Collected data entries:
════
(* Let $|q|<1$ and $|qa|,|qk|<|z|$, with parameters such that no denominator in the definition of $f$ vanishes for either argument order. Then $f(a,k,z,q)=-f(k,a,z,q)$.
   Context: Notation: $(x;q)_n=(1-x)(1-xq)\cdots(1-xq^{n-1})$, $(x_1,\dots,x_m;q)_n=(x_1;q)_n\cdots(x_m;q)_n$. Define $$f(a,k,z,q):=\sum_{n=1}^{\infty}\frac{(q\sqrt{k},-q\sqrt{k},k,z,k/a;q)_{n}}{(\sqrt{k},-\sqrt{k},qk,qk/z,qa;q)_{n}(1-q^n)}\left(\frac{qa}{z}\right)^{n}.$$ *)

theory Defs
  imports "HOL-Analysis.Analysis"
begin

definition qpoch :: "complex \<Rightarrow> complex \<Rightarrow> nat \<Rightarrow> complex" where
  "qpoch x q n = (\<Prod>j<n. 1 - x * q ^ j)"

definition f_term :: "complex \<Rightarrow> complex \<Rightarrow> complex \<Rightarrow> complex \<Rightarrow> nat \<Rightarrow> complex" where
  "f_term a k z q n =
     (qpoch (q * csqrt k) q n * qpoch (- q * csqrt k) q n * qpoch k q n * qpoch z q n * qpoch (k / a) q n)
     / (qpoch (csqrt k) q n * qpoch (- csqrt k) q n * qpoch (q * k) q n * qpoch (q * k / z) q n
        * qpoch (q * a) q n * (1 - q ^ n))
     * (q * a / z) ^ n"

definition f :: "complex \<Rightarrow> complex \<Rightarrow> complex \<Rightarrow> complex \<Rightarrow> complex" where
  "f a k z q = (\<Sum>n. f_term a k z q (Suc n))"

end

theory Submission
  imports Defs
begin

text \<open>The very-well-poised quotients in the summand collapse, and a telescoping identity in the
  summation index shows that \<open>f(x) - f(xq) = c(x) := xq(1 - z) / ((z - xq)(1 - qx))\<close>, which does not
  depend on \<open>k\<close>. Iterating, \<open>\<Sum>\<^sub>m c(xq\<^sup>m) = f(x) - F\<^sub>k\<close>, where \<open>F\<^sub>k\<close> is the value at \<open>0\<close> of the
  continuous extension of \<open>x \<mapsto> f(x, k, z, q)\<close>. Since \<open>f(x, x, z, q) = 0\<close> (the factor \<open>(x/x; q)\<^sub>n\<close>
  vanishes), taking \<open>x = a\<close> with parameters \<open>k\<close> and \<open>a\<close> gives \<open>f(a, k) = F\<^sub>k - F\<^sub>a\<close>, and taking
  \<open>x = k\<close> gives \<open>f(k, a) = F\<^sub>a - F\<^sub>k\<close>.\<close>

lemma qpoch_0 [simp]: "qpoch x q 0 = 1"
  by (simp add: qpoch_def)

lemma qpoch_Suc: "qpoch x q (Suc n) = qpoch x q n * (1 - x * q ^ n)"
  by (simp add: qpoch_def)

lemma qpoch_Suc_shift: "qpoch x q (Suc n) = (1 - x) * qpoch (x * q) q n"
  unfolding qpoch_def prod.lessThan_Suc_shift by (simp add: algebra_simps)

lemma qpoch_nonzero_factor: "qpoch x q n \<noteq> 0 \<Longrightarrow> j < n \<Longrightarrow> 1 - x * q ^ j \<noteq> 0"
  by (auto simp: qpoch_def)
════
=== Work required ===
Please tally every line of the entries that holds "parameters" and answer with that figure alone.

=== Response area ===
2